October 18, 2024

A landmark agreement one of to protect Europe’s most important wetlands stressed the importance of harnessing public opinion to drive the green transition and help mitigate the effects of the climate emergency, the country’s environment minister said.

The Doñana in western Andalusia – whose marshes, forests and dunes cover almost 130,000 hectares (320,000 acres) and a National park on the UNESCO list – has been at the center of a furious national and international row in recent years.

Water supply to the park has declined drastically over the past three decades due to climate intrusion, mining pollution, marsh drainage – and the boom in soft fruit growing.

An agreement signed in November by Spain’s environment minister, Teresa Ribera, for €1.4bn (£1.2bn) investment to help protect the area and diversify the local economy however, away from his reliance on soft fruit provided a glimmer of hope. It was a year in which a plan by the Andalusian regional government for an amnesty for the farmers who illegally tapped its aquifer irrigate strawberry farms in the area around the park has led to serious warnings from environmental groups, the European Union and supermarket chains.

The Spanish Minister of the Environment, Teresa Ribera
The Spanish Minister of Environment, Teresa Ribera, at Cop28. Photo: Dominika Zarzycka/NurPhoto/Shutterstock

Speaking to the Guardian, Ribera said the agreement was the result of internal and external pressure, a change in public opinion and a concerted effort to engage with people in the region to explain the need for urgent action.

“There’s more to a future than strawberries and raspberries,” Ribera said. “And anyway, if you don’t look at the water, there won’t be any more strawberries or raspberries. I think that this change of mentality needs a very clear understanding.”

A report earlier this year of Spain’s National Research Council noted that 59% of Doñana’s large lakes had not been full since at least 2013, and that the area was in a “critical state”. The past two summers, Doñana’s largest permanent lake has dried up completely and the park was recently removed from the International Union for Conservation of Nature’s green list because it did not meet the necessary standards.

The proposed increase in irrigable land also led to a group of leading UK supermarkets – including Asda, Tesco, Sainsbury’s, Waitrose, Lidl, Aldi and Morrisons – writing to the Andalusian regional president warning him that the move danger of damaging “the reputation and the long-term development of the region”..

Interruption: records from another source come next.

(* In the nonatomic base station association game with cost densities $c_{lj}(\mathbf{m})=g_{lj}c(m_j)$, suppose $h_{lj}=h$ for all $l\in\mathcal{L}$, $j\in\mathcal{N}$ (for a constant $h>0$). Then every Nash equilibrium is system optimal, i.e., minimizes $C(\mathbf{m})=\sum_{j\in\mathcal{N}}\sum_{l=1}^L m_{lj}g_{lj}c(m_j)$ over all congestion profiles.
   Context: Nonatomic model: classes $\mathcal{L}=\{1,\dots,L\}$ of nonatomic mobiles, class $l$ having total mass $M_l>0$, target SINR density $\gamma_l>0$ and power gain $h_{lj}>0$ to BS $j\in\mathcal{N}=\{1,\dots,N\}$; noise power $\sigma^2>0$. A congestion profile is $\mathbf{m}=(m_{lj})$ with $m_{lj}\ge0$, $\sum_j m_{lj}=M_l$. Set $m_j=\sum_l\gamma_l m_{lj}$, $g_{lj}=\gamma_l\sigma^2/h_{lj}$, and $c(z)=1/(1-z)$ for $z<1$, $c(z)=\infty$ for $z\ge1$; $c_{lj}(\mathbf{m})=g_{lj}c(m_j)$. $\mathbf{m}$ is a Nash equilibrium if for all $l,j$, $m_{lj}>0$ implies $c_{lj}(\mathbf{m})\le c_{lk}(\mathbf{m})$ for all $k$. Standing feasibility assumption: $\sum_l\gamma_l M_l<N$. *)

theory Defs
  imports "HOL-Library.Extended_Real"
begin

text \<open>Classes are indexed by {1..L}, base stations by {1..N}.
  A congestion profile is m :: nat => nat => real, m l j = mass of class l at BS j.\<close>

definition profile :: "nat \<Rightarrow> nat \<Rightarrow> (nat \<Rightarrow> real) \<Rightarrow> (nat \<Rightarrow> nat \<Rightarrow> real) \<Rightarrow> bool" where
  "profile L N M m \<longleftrightarrow>
     (\<forall>l\<in>{1..L}. \<forall>j\<in>{1..N}. 0 \<le> m l j) \<and> (\<forall>l\<in>{1..L}. (\<Sum>j\<in>{1..N}. m l j) = M l)"

definition load :: "nat \<Rightarrow> (nat \<Rightarrow> real) \<Rightarrow> (nat \<Rightarrow> nat \<Rightarrow> real) \<Rightarrow> nat \<Rightarrow> real" where
  "load L gamma m j = (\<Sum>l\<in>{1..L}. gamma l * m l j)"

definition cfun :: "real \<Rightarrow> ereal" where
  "cfun z = (if z < 1 then ereal (1 / (1 - z)) else \<infinity>)"

definition gcoef :: "(nat \<Rightarrow> real) \<Rightarrow> real \<Rightarrow> (nat \<Rightarrow> nat \<Rightarrow> real) \<Rightarrow> nat \<Rightarrow> nat \<Rightarrow> real" where
  "gcoef gamma sigma2 h l j = gamma l * sigma2 / h l j"

definition cost_density ::
  "nat \<Rightarrow> (nat \<Rightarrow> real) \<Rightarrow> real \<Rightarrow> (nat \<Rightarrow> nat \<Rightarrow> real) \<Rightarrow> (nat \<Rightarrow> nat \<Rightarrow> real) \<Rightarrow> nat \<Rightarrow> nat \<Rightarrow> ereal" where
  "cost_density L gamma sigma2 h m l j = ereal (gcoef gamma sigma2 h l j) * cfun (load L gamma m j)"

definition nash_eq ::
  "nat \<Rightarrow> nat \<Rightarrow> (nat \<Rightarrow> real) \<Rightarrow> (nat \<Rightarrow> real) \<Rightarrow> real \<Rightarrow> (nat \<Rightarrow> nat \<Rightarrow> real) \<Rightarrow> (nat \<Rightarrow> nat \<Rightarrow> real) \<Rightarrow> bool" where
  "nash_eq L N M gamma sigma2 h m \<longleftrightarrow> profile L N M m \<and>
     (\<forall>l\<in>{1..L}. \<forall>j\<in>{1..N}. m l j > 0 \<longrightarrow>
        (\<forall>k\<in>{1..N}. cost_density L gamma sigma2 h m l j \<le> cost_density L gamma sigma2 h m l k))"

text \<open>C(m) = sum_j sum_l m_lj g_lj c(m_j)  (in ereal; 0 * infinity = 0)\<close>
definition total_cost ::
  "nat \<Rightarrow> nat \<Rightarrow> (nat \<Rightarrow> real) \<Rightarrow> real \<Rightarrow> (nat \<Rightarrow> nat \<Rightarrow> real) \<Rightarrow> (nat \<Rightarrow> nat \<Rightarrow> real) \<Rightarrow> ereal" where
  "total_cost L N gamma sigma2 h m =
     (\<Sum>j\<in>{1..N}. \<Sum>l\<in>{1..L}. ereal (m l j) * cost_density L gamma sigma2 h m l j)"

end

theory Submission
  imports Defs
begin

text \<open>With a common power gain the cost densities are \<open>\<gamma>\<^sub>l (\<sigma>\<^sup>2/h) c(m\<^sub>j)\<close>, so a class
  prefers a base station exactly when its load is smaller.  Hence in a Nash equilibrium every
  loaded base station carries the minimal load, i.e. all loads are equal to some \<open>\<mu>\<close>, and
  feasibility forces \<open>\<mu> < 1\<close>.  The total cost is \<open>(\<sigma>\<^sup>2/h) \<Sum>\<^sub>j m\<^sub>j/(1 - m\<^sub>j)\<close>, a convex function
  of the loads whose sum \<open>\<Sum>\<^sub>l \<gamma>\<^sub>l M\<^sub>l\<close> is the same for every profile; the tangent line of
  \<open>z/(1 - z)\<close> at \<open>\<mu>\<close> shows that equal loads minimise it.\<close>

lemma sum_load_eq:
  assumes "profile L N M m"
  shows "(\<Sum>j\<in>{1..N}. load L gamma m j) = (\<Sum>l\<in>{1..L}. gamma l * M l)"
proof -
  have "(\<Sum>j\<in>{1..N}. load L gamma m j) = (\<Sum>l\<in>{1..L}. gamma l * (\<Sum>j\<in>{1..N}. m l j))"
    unfolding load_def by (subst sum.swap) (simp add: sum_distrib_left)
  also have "\<dots> = (\<Sum>l\<in>{1..L}. gamma l * M l)"
    using assms unfolding profile_def by simp
  finally show ?thesis .
qed

lemma load_nonneg:
  assumes "profile L N M m" "\<forall>l\<in>{1..L}. gamma l \<ge> 0" "j \<in> {1..N}"
  shows "0 \<le> load L gamma m j"
proof -
  have "0 \<le> gamma l * m l j" if "l \<in> {1..L}" for l
    using assms that unfolding profile_def by simp
  then show ?thesis unfolding load_def by (rule sum_nonneg)
qed

lemma load_pos_imp_ex_mass:
  assumes "\<forall>l\<in>{1..L}. gamma l \<ge> 0" "load L gamma m j > 0"
  obtains l where "l \<in> {1..L}" "m l j > 0"
proof -
  have "\<exists>l\<in>{1..L}. m l j > 0"
  proof (rule ccontr)
    assume "\<not> ?thesis"
    then have "gamma l * m l j \<le> 0" if "l \<in> {1..L}" for l
      using assms(1) that by (simp add: mult_nonneg_nonpos not_less)
    then have "load L gamma m j \<le> 0" unfolding load_def by (rule sum_nonpos)
    with assms(2) show False by simp
  qed
  with that show thesis by blast
qed

lemma cost_density_const_gain:
  assumes "\<forall>l\<in>{1..L}. \<forall>j\<in>{1..N}. h l j = h0" "l \<in> {1..L}" "j \<in> {1..N}"
  shows "cost_density L gamma sigma2 h m l j = ereal (gamma l * sigma2 / h0) * cfun (load L gamma m j)"
  using assms unfolding cost_density_def gcoef_def by simp

lemma cfun_below_one: "z < 1 \<Longrightarrow> cfun z = ereal (1 / (1 - z))"
  unfolding cfun_def by simp

lemma ereal_mult_cfun_overload: "c > 0 \<Longrightarrow> z \<ge> 1 \<Longrightarrow> ereal c * cfun z = \<infinity>"
  unfolding cfun_def by simp

lemma total_cost_const_gain:
  assumes h_const: "\<forall>l\<in>{1..L}. \<forall>j\<in>{1..N}. h l j = h0"
    and below: "\<forall>j\<in>{1..N}. load L gamma m j < 1"
  shows "total_cost L N gamma sigma2 h m =
    ereal (sigma2 / h0 * (\<Sum>j\<in>{1..N}. load L gamma m j / (1 - load L gamma m j)))"
proof -
  have column: "(\<Sum>l\<in>{1..L}. ereal (m l j) * cost_density L gamma sigma2 h m l j)
      = ereal (sigma2 / h0 * (load L gamma m j / (1 - load L gamma m j)))"
    if j: "j \<in> {1..N}" for j
  proof -
    let ?x = "load L gamma m j"
    have "(\<Sum>l\<in>{1..L}. ereal (m l j) * cost_density L gamma sigma2 h m l j)
       = (\<Sum>l\<in>{1..L}. ereal (gamma l * m l j * (sigma2 / h0 / (1 - ?x))))"
      using j below by (intro sum.cong refl)
        (simp add: cost_density_const_gain[OF h_const] cfun_below_one)
    also have "\<dots> = ereal (?x * (sigma2 / h0 / (1 - ?x)))"
      unfolding load_def by (simp only: sum_distrib_right sum_ereal)
    finally show ?thesis by simp
  qed
  have "total_cost L N gamma sigma2 h m =
      (\<Sum>j\<in>{1..N}. ereal (sigma2 / h0 * (load L gamma m j / (1 - load L gamma m j))))"
    unfolding total_cost_def by (rule sum.cong[OF refl column])
  then show ?thesis by (simp add: sum_distrib_left)
qed

lemma total_cost_overload:
  assumes gamma_pos: "\<forall>l\<in>{1..L}. gamma l > 0"
    and sigma_pos: "sigma2 > 0" and h0_pos: "h0 > 0"
    and h_const: "\<forall>l\<in>{1..L}. \<forall>j\<in>{1..N}. h l j = h0"
    and j: "j \<in> {1..N}" and overload: "load L gamma m j \<ge> 1"
  shows "total_cost L N gamma sigma2 h m = \<infinity>"
proof -
  have "\<forall>l\<in>{1..L}. gamma l \<ge> 0" "load L gamma m j > 0"
    using gamma_pos overload by (auto simp: less_imp_le)
  then obtain l where l: "l \<in> {1..L}" "m l j > 0"
    by (rule load_pos_imp_ex_mass)
  have "ereal (m l j) * cost_density L gamma sigma2 h m l j = \<infinity>"
    using l j gamma_pos sigma_pos h0_pos overload
    by (simp add: cost_density_const_gain[OF h_const] ereal_mult_cfun_overload)
  then have "(\<Sum>l\<in>{1..L}. ereal (m l j) * cost_density L gamma sigma2 h m l j) = \<infinity>"
    using l by (auto simp: sum_Pinfty)
  then show ?thesis
    unfolding total_cost_def using j by (auto simp: sum_Pinfty)
qed

lemma frac_one_minus_tangent_le:
  fixes z mu :: real
  assumes "z < 1" "mu < 1"
  shows "mu / (1 - mu) + (z - mu) / (1 - mu)\<^sup>2 \<le> z / (1 - z)"
proof -
  define u v where "u = 1 - z" and "v = 1 - mu"
  have u: "u > 0" and v: "v > 0" using assms by (auto simp: u_def v_def)
  have "(2 * v - u) * u \<le> v\<^sup>2"
    using zero_le_power2[of "v - u"] by (simp add: power2_eq_square algebra_simps)
  then have "(2 * v - u) / v\<^sup>2 \<le> 1 / u"
    using u v by (simp add: field_simps)
  moreover have "mu / (1 - mu) + (z - mu) / (1 - mu)\<^sup>2 = (1 - v) / v + (v - u) / v\<^sup>2"
    by (simp add: u_def v_def)
  moreover have "(1 - v) / v + (v - u) / v\<^sup>2 = (2 * v - u) / v\<^sup>2 - 1"
    using v by (simp add: field_simps power2_eq_square)
  moreover have "z / (1 - z) = 1 / u - 1"
    using u by (simp add: u_def field_simps)
  ultimately show ?thesis by linarith
qed

lemma sum_frac_one_minus_ge_balanced:
  fixes x :: "'a \<Rightarrow> real"
  assumes "\<forall>j\<in>A. x j < 1" "mu < 1" "(\<Sum>j\<in>A. x j) = real (card A) * mu"
  shows "real (card A) * (mu / (1 - mu)) \<le> (\<Sum>j\<in>A. x j / (1 - x j))"
proof -
  have "(\<Sum>j\<in>A. mu / (1 - mu) + (x j - mu) / (1 - mu)\<^sup>2)
      = real (card A) * (mu / (1 - mu)) + ((\<Sum>j\<in>A. x j) - real (card A) * mu) / (1 - mu)\<^sup>2"
    by (simp add: sum.distrib sum_divide_distrib[symmetric] sum_subtractf)
  also have "\<dots> = real (card A) * (mu / (1 - mu))"
    using assms(3) by simp
  finally show ?thesis
    using sum_mono[of A "\<lambda>j. mu / (1 - mu) + (x j - mu) / (1 - mu)\<^sup>2" "\<lambda>j. x j / (1 - x j)"]
      assms(1,2) frac_one_minus_tangent_le by auto
qed

lemma nash_eq_load_le:
  assumes NE: "nash_eq L N M gamma sigma2 h m"
    and gamma_pos: "\<forall>l\<in>{1..L}. gamma l > 0"
    and sigma_pos: "sigma2 > 0" and h0_pos: "h0 > 0"
    and h_const: "\<forall>l\<in>{1..L}. \<forall>j\<in>{1..N}. h l j = h0"
    and j: "j \<in> {1..N}" and k: "k \<in> {1..N}" and below: "load L gamma m k < 1"
  shows "load L gamma m j \<le> load L gamma m k"
proof (rule ccontr)
  let ?x = "load L gamma m j" and ?y = "load L gamma m k"
  assume "\<not> ?x \<le> ?y"
  then have less: "?y < ?x" by simp
  have gamma_nonneg: "\<forall>l\<in>{1..L}. gamma l \<ge> 0"
    using gamma_pos by (simp add: less_imp_le)
  have "0 \<le> ?y"
    using NE k load_nonneg[OF _ gamma_nonneg] unfolding nash_eq_def by blast
  with less have "?x > 0" by simp
  with gamma_nonneg obtain l where l: "l \<in> {1..L}" "m l j > 0"
    by (rule load_pos_imp_ex_mass)
  define g where "g = gamma l * sigma2 / h0"
  have g: "g > 0" using gamma_pos l sigma_pos h0_pos by (simp add: g_def)
  have "cost_density L gamma sigma2 h m l j \<le> cost_density L gamma sigma2 h m l k"
    using NE l j k unfolding nash_eq_def by blast
  then have prefer_j: "ereal g * cfun ?x \<le> ereal (g / (1 - ?y))"
    using l j k below by (simp add: cost_density_const_gain[OF h_const] cfun_below_one g_def)
  show False
  proof (cases "?x < 1")
    case True
    then have "g / (1 - ?x) \<le> g / (1 - ?y)"
      using prefer_j by (simp add: cfun_below_one)
    moreover have "g / (1 - ?y) < g / (1 - ?x)"
      using g True less below by (intro divide_strict_left_mono) auto
    ultimately show False by simp
  next
    case False
    then show False
      using prefer_j g by (simp add: ereal_mult_cfun_overload)
  qed
qed

lemma nash_eq_balanced_load:
  assumes NE: "nash_eq L N M gamma sigma2 h m"
    and gamma_pos: "\<forall>l\<in>{1..L}. gamma l > 0"
    and sigma_pos: "sigma2 > 0" and h0_pos: "h0 > 0"
    and h_const: "\<forall>l\<in>{1..L}. \<forall>j\<in>{1..N}. h l j = h0"
    and feasible: "(\<Sum>l\<in>{1..L}. gamma l * M l) < real N"
  obtains mu where "mu < 1" "\<forall>j\<in>{1..N}. load L gamma m j = mu"
proof -
  let ?ld = "load L gamma m"
  have prof: "profile L N M m" using NE unfolding nash_eq_def by simp
  have "N \<noteq> 0" using feasible sum_load_eq[OF prof] by (intro notI) simp
  then have ne: "?ld ` {1..N} \<noteq> {}" by simp
  define mu where "mu = Min (?ld ` {1..N})"
  obtain k where k: "k \<in> {1..N}" "?ld k = mu"
    using Min_in[OF _ ne] unfolding mu_def by auto
  have mu_le: "mu \<le> ?ld j" if "j \<in> {1..N}" for j
    unfolding mu_def using that by simp
  have "mu < 1"
  proof (rule ccontr)
    assume "\<not> mu < 1"
    then have "real N \<le> (\<Sum>j\<in>{1..N}. ?ld j)"
      using sum_mono[of "{1..N}" "\<lambda>_. 1" ?ld] mu_le by force
    then show False using sum_load_eq[OF prof] feasible by simp
  qed
  moreover have "\<forall>j\<in>{1..N}. ?ld j = mu"
  proof
    fix j assume j: "j \<in> {1..N}"
    have "?ld j \<le> mu"
      using nash_eq_load_le[OF NE gamma_pos sigma_pos h0_pos h_const j k(1)] k \<open>mu < 1\<close> by simp
    with mu_le[OF j] show "?ld j = mu" by simp
  qed
  ultimately show thesis by (rule that)
qed

theorem proposition11:
  fixes L N :: nat and M gamma :: "nat \<Rightarrow> real" and sigma2 h0 :: real
    and h m :: "nat \<Rightarrow> nat \<Rightarrow> real"
  assumes M_pos: "\<forall>l\<in>{1..L}. M l > 0"
    and gamma_pos: "\<forall>l\<in>{1..L}. gamma l > 0"
    and sigma_pos: "sigma2 > 0"
    and h0_pos: "h0 > 0"
    and h_const: "\<forall>l\<in>{1..L}. \<forall>j\<in>{1..N}. h l j = h0"
    and feasible: "(\<Sum>l\<in>{1..L}. gamma l * M l) < real N"
    and NE: "nash_eq L N M gamma sigma2 h m"
  shows "\<forall>m'. profile L N M m' \<longrightarrow>
           total_cost L N gamma sigma2 h m \<le> total_cost L N gamma sigma2 h m'"
proof (intro allI impI)
  fix m' assume prof': "profile L N M m'"
  have prof: "profile L N M m" using NE unfolding nash_eq_def by simp
  obtain mu where mu: "mu < 1" and balanced: "\<forall>j\<in>{1..N}. load L gamma m j = mu"
    using nash_eq_balanced_load[OF NE gamma_pos sigma_pos h0_pos h_const feasible] .
  have cost: "total_cost L N gamma sigma2 h m = ereal (sigma2 / h0 * (real N * (mu / (1 - mu))))"
    using total_cost_const_gain[OF h_const] balanced mu by simp
  show "total_cost L N gamma sigma2 h m \<le> total_cost L N gamma sigma2 h m'"
  proof (cases "\<forall>j\<in>{1..N}. load L gamma m' j < 1")
    case True
    have "(\<Sum>j\<in>{1..N}. load L gamma m' j) = (\<Sum>j\<in>{1..N}. load L gamma m j)"
      using sum_load_eq[OF prof'] sum_load_eq[OF prof] by simp
    also have "\<dots> = real (card {1..N}) * mu"
      using balanced by simp
    finally have "(\<Sum>j\<in>{1..N}. load L gamma m' j) = real (card {1..N}) * mu" .
    then have "real N * (mu / (1 - mu)) \<le> (\<Sum>j\<in>{1..N}. load L gamma m' j / (1 - load L gamma m' j))"
      using sum_frac_one_minus_ge_balanced[of "{1..N}"] True mu by simp
    then have "sigma2 / h0 * (real N * (mu / (1 - mu)))
        \<le> sigma2 / h0 * (\<Sum>j\<in>{1..N}. load L gamma m' j / (1 - load L gamma m' j))"
      using sigma_pos h0_pos by (intro mult_left_mono) auto
    then show ?thesis
      using cost total_cost_const_gain[OF h_const True] by simp
  next
    case False
    then show ?thesis
      using total_cost_overload[OF gamma_pos sigma_pos h0_pos h_const] by (auto simp: not_less)
  qed
qed

end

Ribera said that persuading people of the need to integrate environmental action into social and economic policy is essential to global efforts to deal with the climate emergency.

“It is very important that we learn to combine strict environmental measures with measures to reduce economic and social pressure in the area when it comes to green infrastructure and the restoration of natural spaces,” said Ribera. “You have to turn that relationship into a virtuous relationship in which the people there have alternatives that will allow them to be proud of where they live and not see those alternatives as a limitation or a threat.”

Strawberry greenhouses around the Doñana in southern Spain
A drone photo shows strawberry greenhouses surrounding the Doñana in southern Spain. Photo: Guillermo Martinez/Reuters

She said getting that message across was “the big challenge for Europe in the very short term – and for the world as a whole”, adding that “decades-old perceptions” about the importance of integrated environmental policy were no longer valid. not.

“It’s very complicated and requires more than just engineering logic or economic projections,” she said. “It requires very important social participation and a cultural and emotional change when it comes to behavior. If we do not properly manage this change in collective psychology and social values, we will end up with gilets jaunes and with farmers in the Netherlands conflicting land protection rules. We will end up with complicated situations because people don’t know what it will mean for their lives in the very short term.”

The minister said the European elections in 2024 would be crucial in maintaining the momentum and ensuring that hard-fought environmental gains are not lost.

“This change for all of us is going to be so intense that none of us can miss the boat of the June election,” she said. “It’s much harder to do that in a hostile environment.”

Ribera also took aim at political parties that engage in “very dangerous demagoguery” and seek to dismiss the realities of the climate emergency for cynical electoral gain.

“There are many anti-systemic forces that are trying to break or question this agenda,” she said. “I think there is a lot of hypocritical behavior: I don’t believe this environmental or climate skepticism or denial is because they doubt the analytical abilities of academics; I have absolutely no doubt that this is not the case… [But it] really worry me We need to consolidate, explain and provide alternatives – and this can only be done with a very important social conviction and commitment.”

The minister also said that politicians who did not heed shifting public opinion on environmental matters will pay the price. She describes Madrid’s city council’s decision to cut down hundreds of trees in two popular parks to make way for an expansion of the capital’s metro system as “an absolute disgrace”.

Although she has no powers to stop the move as the decision was made at the municipal and regional level, Ribera said she would write to regional ministers to propose a set of common guidelines to protect mature urban trees.

“Planting two six-month-old saplings is not the same as having trees that are 60 or 80 years old,” she said. “I can’t explain it: it’s like the anti-cycle lane mania of some new mayors. It’s a scandal and I think it will have a much higher social and political cost than they thought – they will go through what Moreno Bonilla went through with Doñana.”